Next, we consider more severe attack, denial of attestation attack in which malicious nodes deny participating in attestation process and thus evade being detected. More specifically, an attestee v rejects the attestation attempts performed by an attester $u$ and flees to other regions. By maintaining this attack strategy whenever meeting other nodes, $v$ will avoid being detected. A straightforward countermeasure against this attack is to let the base station know that v escapes from being attested, to have the base station perform the attestation against v and revoke it from the network. More specifically, when v refuses $u$ 's attestation attempts, $u$ generates denial of attestation notification message on $v$ , DAN $= {u ∥ v ∥ t_{d} ∥ {MAC}_{K_{u}} [u ∥ v ∥ t_{d}]}$ , where $t_{d}$ is a timestamp indicating the generation time of DAN. $u$ then sends DAN message to the base station. Upon receiving DAN message, the base station makes an attempt to attest v. If $v$ accepts to be attested, the base station will revoke v in case that it is malicious. Otherwise, the base station will isolate $v$ from the network; thus, $v$ will not be allowed to participate in any network operations. Even though malicious nodes could send the base station fake DAN messages on benign nodes, the base station will discern that they are actually benign nodes through attestations, but rather the malicious nodes will be revoked from the network. As a result, the attacker will take little merit from mounting denial of attestation attack.

Next, we compute an average number of attestations that are performed by $N_{a}$ attesters. Since each attester independently performs attestation with probability $p_{a}$ , $N_{a}$ attesters performing $p_{a} \times N_{a}$ attestations on an average.

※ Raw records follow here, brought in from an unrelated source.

(* Let $X_0$ be a proper subshift of $X=\mathcal A^{\mathbb Z^d}$ and let $\mu$ be an ergodic shift-invariant measure supported on $X\setminus X_0$. Let $Y$ be the $\mathbb Z^d$-dyadic odometer with its unique invariant measure $\nu$, and let $\bar\mu$ be an ergodic joining of $\mu$ and $\nu$ for the product action $T^{\boldsymbol j}(x,y)=(\sigma^{\boldsymbol j}x,T_Y^{\boldsymbol j}y)$. Then there exists an equivariant tiling $\tau\colon X\times Y\to\mathcal T(\mathbb Z^d)$ such that: (1) for $\bar\mu$-a.e. $(x,y)$ and each $\boldsymbol j\in\mathbb Z^d$ there exists $n\in\mathbb N_0$ with $\tau^{(x,y)}(\boldsymbol j)=\tau^y_n(\boldsymbol j)$; (2) for $\bar\mu$-a.e. $(x,y)$ and each $\boldsymbol j$, if $\tau^{(x,y)}(\boldsymbol j)=\tau^y_n(\boldsymbol j)$ with $n>0$, then $x|_{\tau^{(x,y)}(\boldsymbol j)}\in\mathscr L(X_0)$; (3) for $\bar\mu$-a.e. $(x,y)$ and each $\boldsymbol j$, if $\tau^{(x,y)}(\boldsymbol j)=\tau^y_n(\boldsymbol j)$, then $x|_{\tau^y_{n+1}(\boldsymbol j)}\notin\mathscr L(X_0)$.
   Context: $X=\mathcal A^{\mathbb Z^d}$ ($\mathcal A$ finite) with shift $(\sigma^{\boldsymbol n}x)_{\boldsymbol m}=x_{\boldsymbol n+\boldsymbol m}$; a subshift is a closed shift-invariant subset. For finite $S\subset\mathbb Z^d$, $x|_S\in\mathscr L(X_0)$ means the pattern $x|_S$ occurs (up to translation) in some point of $X_0$. A tiling of $\mathbb Z^d$ is a partition of $\mathbb Z^d$ into finite nonempty sets; $t(\boldsymbol j)$ denotes the tile containing $\boldsymbol j$; $\mathcal T(\mathbb Z^d)$ is the set of tilings; $\mathsf{Tr}_{\boldsymbol j}(t)=\{S-\boldsymbol j: S\in t\}$. For a $\mathbb Z^d$-action $T$ on $Z$, an equivariant tiling is a map $z\mapsto\tau^z\in\mathcal T(\mathbb Z^d)$ with $\tau^{T^{\boldsymbol j}z}=\mathsf{Tr}_{\boldsymbol j}(\tau^z)$. Dyadic odometer: $\Sigma=\{0,1\}^{\mathbb N_0}$, points written $\ldots y_2y_1y_0$, $\iota$ = addition of $1$ with carry to the left (so $\iota(\ldots111)=\ldots000$). For $y\in\Sigma$, $i\sim_{n,y}j$ if $\iota^i(y)$ and $\iota^j(y)$ agree in all coordinates of index $\ge n$. $Y=\Sigma^d$ with $T_Y^{\boldsymbol j}(y_1,\dots,y_d)=(\iota^{j_1}y_1,\dots,\iota^{j_d}y_d)$. For $y\in Y$, $n\in\mathbb N_0$, $\tau^y_n(\boldsymbol j)=\{\boldsymbol k\in\mathbb Z^d: j_i\sim_{n,y_i}k_i \text{ for } 1\le i\le d\}$ (a grid of $2^n\times\dots\times2^n$ boxes). *)

theory Defs
  imports "HOL-Probability.Probability"
begin

text \<open>Lattice Z^d is int^'d (d = CARD('d)). Configurations: int^'d \<Rightarrow> 'a with 'a finite.\<close>

definition shift :: "int^'d \<Rightarrow> (int^'d \<Rightarrow> 'a) \<Rightarrow> (int^'d \<Rightarrow> 'a)" where
  "shift n x = (\<lambda>m. x (n + m))"

definition shift_topology :: "(int^'d \<Rightarrow> 'a) topology" where
  "shift_topology = product_topology (\<lambda>_. discrete_topology UNIV) UNIV"

definition subshift :: "(int^'d \<Rightarrow> 'a::finite) set \<Rightarrow> bool" where
  "subshift X0 \<longleftrightarrow> closedin shift_topology X0 \<and> (\<forall>n. shift n ` X0 = X0)"

text \<open>Borel sigma-algebra of the full shift (= product sigma-algebra).\<close>
definition MX :: "(int^'d \<Rightarrow> 'a) measure" where
  "MX = PiM UNIV (\<lambda>_. count_space UNIV)"

definition in_language :: "(int^'d \<Rightarrow> 'a) set \<Rightarrow> (int^'d \<Rightarrow> 'a) \<Rightarrow> (int^'d) set \<Rightarrow> bool" where
  "in_language X0 x S \<longleftrightarrow> (\<exists>z\<in>X0. \<exists>v. \<forall>s\<in>S. z (s + v) = x s)"

definition is_tiling :: "(int^'d) set set \<Rightarrow> bool" where
  "is_tiling t \<longleftrightarrow> (\<forall>S\<in>t. finite S \<and> S \<noteq> {}) \<and>
     (\<forall>S\<in>t. \<forall>S'\<in>t. S \<noteq> S' \<longrightarrow> S \<inter> S' = {}) \<and> \<Union>t = UNIV"

definition tile :: "(int^'d) set set \<Rightarrow> int^'d \<Rightarrow> (int^'d) set" where
  "tile t j = (THE S. S \<in> t \<and> j \<in> S)"

definition Tr :: "int^'d \<Rightarrow> (int^'d) set set \<Rightarrow> (int^'d) set set" where
  "Tr j t = (\<lambda>S. (\<lambda>k. k - j) ` S) ` t"

text \<open>Dyadic odometer on nat \<Rightarrow> bool (coordinate 0 least significant).\<close>
definition iota :: "(nat \<Rightarrow> bool) \<Rightarrow> (nat \<Rightarrow> bool)" where
  "iota y = (\<lambda>n. if (\<forall>m<n. y m) then \<not> y n else y n)"

definition iota_inv :: "(nat \<Rightarrow> bool) \<Rightarrow> (nat \<Rightarrow> bool)" where
  "iota_inv y = (\<lambda>n. if (\<forall>m<n. \<not> y m) then \<not> y n else y n)"

definition iota_pow :: "int \<Rightarrow> (nat \<Rightarrow> bool) \<Rightarrow> (nat \<Rightarrow> bool)" where
  "iota_pow i = (if i \<ge> 0 then iota ^^ nat i else iota_inv ^^ nat (- i))"

definition odo_rel :: "nat \<Rightarrow> (nat \<Rightarrow> bool) \<Rightarrow> int \<Rightarrow> int \<Rightarrow> bool" where
  "odo_rel n y i j \<longleftrightarrow> (\<forall>m\<ge>n. iota_pow i y m = iota_pow j y m)"

text \<open>Y = Sigma^d, points y :: 'd \<Rightarrow> nat \<Rightarrow> bool.\<close>
definition TY :: "int^'d \<Rightarrow> ('d \<Rightarrow> nat \<Rightarrow> bool) \<Rightarrow> ('d \<Rightarrow> nat \<Rightarrow> bool)" where
  "TY j y = (\<lambda>i. iota_pow (j $ i) (y i))"

definition MY :: "('d \<Rightarrow> nat \<Rightarrow> bool) measure" where
  "MY = PiM UNIV (\<lambda>_. PiM UNIV (\<lambda>_. count_space UNIV))"

definition odo_tile :: "('d \<Rightarrow> nat \<Rightarrow> bool) \<Rightarrow> nat \<Rightarrow> int^'d \<Rightarrow> (int^'d) set" where
  "odo_tile y n j = {k. \<forall>i. odo_rel n (y i) (j $ i) (k $ i)}"

definition Tprod :: "int^'d \<Rightarrow> (int^'d \<Rightarrow> 'a) \<times> ('d \<Rightarrow> nat \<Rightarrow> bool)
     \<Rightarrow> (int^'d \<Rightarrow> 'a) \<times> ('d \<Rightarrow> nat \<Rightarrow> bool)" where
  "Tprod j p = (shift j (fst p), TY j (snd p))"

definition invariant_meas :: "'b measure \<Rightarrow> (int^'d \<Rightarrow> 'b \<Rightarrow> 'b) \<Rightarrow> bool" where
  "invariant_meas M T \<longleftrightarrow> (\<forall>j. T j \<in> M \<rightarrow>\<^sub>M M \<and>
      (\<forall>A\<in>sets M. emeasure M (T j -` A \<inter> space M) = emeasure M A))"

definition ergodic_meas :: "'b measure \<Rightarrow> (int^'d \<Rightarrow> 'b \<Rightarrow> 'b) \<Rightarrow> bool" where
  "ergodic_meas M T \<longleftrightarrow> prob_space M \<and> invariant_meas M T \<and>
     (\<forall>A\<in>sets M. (\<forall>j. T j -` A \<inter> space M = A) \<longrightarrow> emeasure M A = 0 \<or> emeasure M A = 1)"

definition equivariant_tiling ::
  "(int^'d \<Rightarrow> 'b \<Rightarrow> 'b) \<Rightarrow> ('b \<Rightarrow> (int^'d) set set) \<Rightarrow> bool" where
  "equivariant_tiling T tau \<longleftrightarrow> (\<forall>z. is_tiling (tau z)) \<and> (\<forall>z j. tau (T j z) = Tr j (tau z))"

end

theory Submission
  imports Defs
begin

text \<open>Read \<open>y\<close> digitwise: \<open>low n y\<close> is the integer with binary digits \<open>y 0, ..., y (n - 1)\<close>,
  and \<open>high n y\<close> is the tail from digit \<open>n\<close> on. Then \<open>iota_pow i\<close> adds \<open>i\<close> to \<open>low n y\<close> and
  passes the carry to \<open>high n y\<close>, so \<open>odo_tile y n j\<close> is a product of intervals of length \<open>2^n\<close>,
  strictly growing with \<open>n\<close>.

  The tile of \<open>j\<close> is the box \<open>odo_tile y n j\<close> for the least \<open>n\<close> such that the pattern of \<open>x\<close> on
  the box of level \<open>n + 1\<close> is not in the language of \<open>X0\<close>. As the boxes are nested and the
  language is closed under subpatterns, these boxes partition the lattice, and the construction
  commutes with the product action. Such an \<open>n\<close> exists for almost every \<open>(x, y)\<close>: \<open>x \<notin> X0\<close> is
  witnessed by a finite window outside the language, and the boxes exhaust the lattice unless
  some \<open>y i\<close> is eventually constant. That is a null event, since the sets where the tail of
  \<open>y i\<close> from digit \<open>N\<close> equals \<open>iota ^^ k\<close> applied to the zero sequence, \<open>k = 0, 1, ...\<close>, are
  disjoint and are carried into one another by the measure-preserving translation by \<open>2^N\<close> in
  direction \<open>i\<close>.\<close>

section \<open>Integer division\<close>

lemma mod_div_add_multiple:
  fixes L M c :: int
  assumes "0 \<le> L" "L < M"
  shows "(L + c * M) mod M = L" "(L + c * M) div M = c"
  using assms by (simp_all add: mod_pos_pos_trivial div_pos_pos_trivial)

lemma div_carry:
  fixes a k M :: int
  shows "(a mod M + k) div M + a div M = (a + k) div M"
proof (cases "M = 0")
  case False
  have "a + k = (a mod M + k) + a div M * M"
    using mod_div_mult_eq[of a M] by linarith
  with False show ?thesis
    by (metis div_mult_self1 add.commute)
qed simp

lemma div_eq_iff_bounds:
  fixes x q M :: int
  assumes "0 < M"
  shows "x div M = q \<longleftrightarrow> M * q \<le> x \<and> x < M * q + M"
proof
  assume "x div M = q"
  then have "M * q + x mod M = x"
    using mult_div_mod_eq[of M x] by simp
  then show "M * q \<le> x \<and> x < M * q + M"
    using pos_mod_bound[OF assms, of x] pos_mod_sign[OF assms, of x] by linarith
next
  assume "M * q \<le> x \<and> x < M * q + M"
  then have "(x - M * q + q * M) div M = q"
    by (intro mod_div_add_multiple) auto
  then show "x div M = q"
    by (simp add: mult.commute)
qed

lemma div_class_eq_interval:
  fixes L u M :: int
  assumes "0 < M"
  defines "c \<equiv> M * ((L + u) div M) - L"
  shows "{v. (L + v) div M = (L + u) div M} = {c ..< c + M}"
proof (rule set_eqI)
  fix v
  show "v \<in> {v. (L + v) div M = (L + u) div M} \<longleftrightarrow> v \<in> {c ..< c + M}"
    unfolding mem_Collect_eq atLeastLessThan_iff div_eq_iff_bounds[OF assms(1)] c_def
    by linarith
qed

Finally, we investigate the probability that malicious nodes are detected.

Lemma 1.

Let one denote $N$ as the total number of nodes in the network. Let one also denote $N_{m}$ as the total number of malicious nodes in the network ( $N_{m} < N$ ). Moreover, one denotes $N_{a}$ by the total number of attesters that are encountered by $N_{m}$ malicious nodes. One defines $p_{d}$ as the probability that at least one malicious node is detected by $N_{a}$ attesters. The probability $p_{d}$ is bounded from below by $1 - e^{- ((p_{a} \times N_{m} \times N_{a}) / N)}$ .

Proof.

Let us define $p_{n d}$ as the probability that any of $N_{m}$ malicious nodes are not detected by $N_{a}$ attesters. $N_{m} / N$ is the probability that a node is malicious in the network, and the attestation probability is $p_{a}$ . Also, the malicious node is detected once it is attested. Thus, $1 - ((p_{a} \times N_{m}) / N)$ is calculated as the probability that a malicious node is not detected by one attester. As a consequence, $p_{n d}$ is computed as ${(1 - ((p_{a} \times N_{m}) / N))}^{N_{a}}$ . By using the property that $(1 + x) \leq e^{x}$ , we compute the lower bound of $p_{d}$ as follows:

\begin{array}{l} p_{d} = 1 - p_{n d} \\ = 1 - {(1 - \frac{p_{a} \times N_{m}}{N})}^{N_{a}} \\ \geq 1 - e^{- ((p_{a} \times N_{m} \times N_{a}) / N)} . \end{array}

(1)

We now investigate how the lower bound of $p_{d}$ is affected by $N_{m}$ and $p_{a} \times N_{a}$ . For this study, we set $N = 100$ . Note that $p_{a} \times N_{a}$ is an average number of attestations performed in the network. As shown in Figure 1, the lower bound of $p_{d}$ exceeds 0.99 when $N_{m}$ is above 4. This means that our proposed scheme achieves very high detection capability even when there are a small number of malicious nodes in the network. Moreover, as an average number of attestations increases under $N_{m} \leq 4$ , the lower bound of $p_{d}$ tends to increase. This indicates that an increase in the number of attestations results in the enhancement of malicious node detection capability.

Figure 1

Affects of the number of malicious nodes ( $N_{m}$ ) and an average number of attestations ( $p_{a} \times N_{a}$ ) on the lower bound of $p_{d}$ .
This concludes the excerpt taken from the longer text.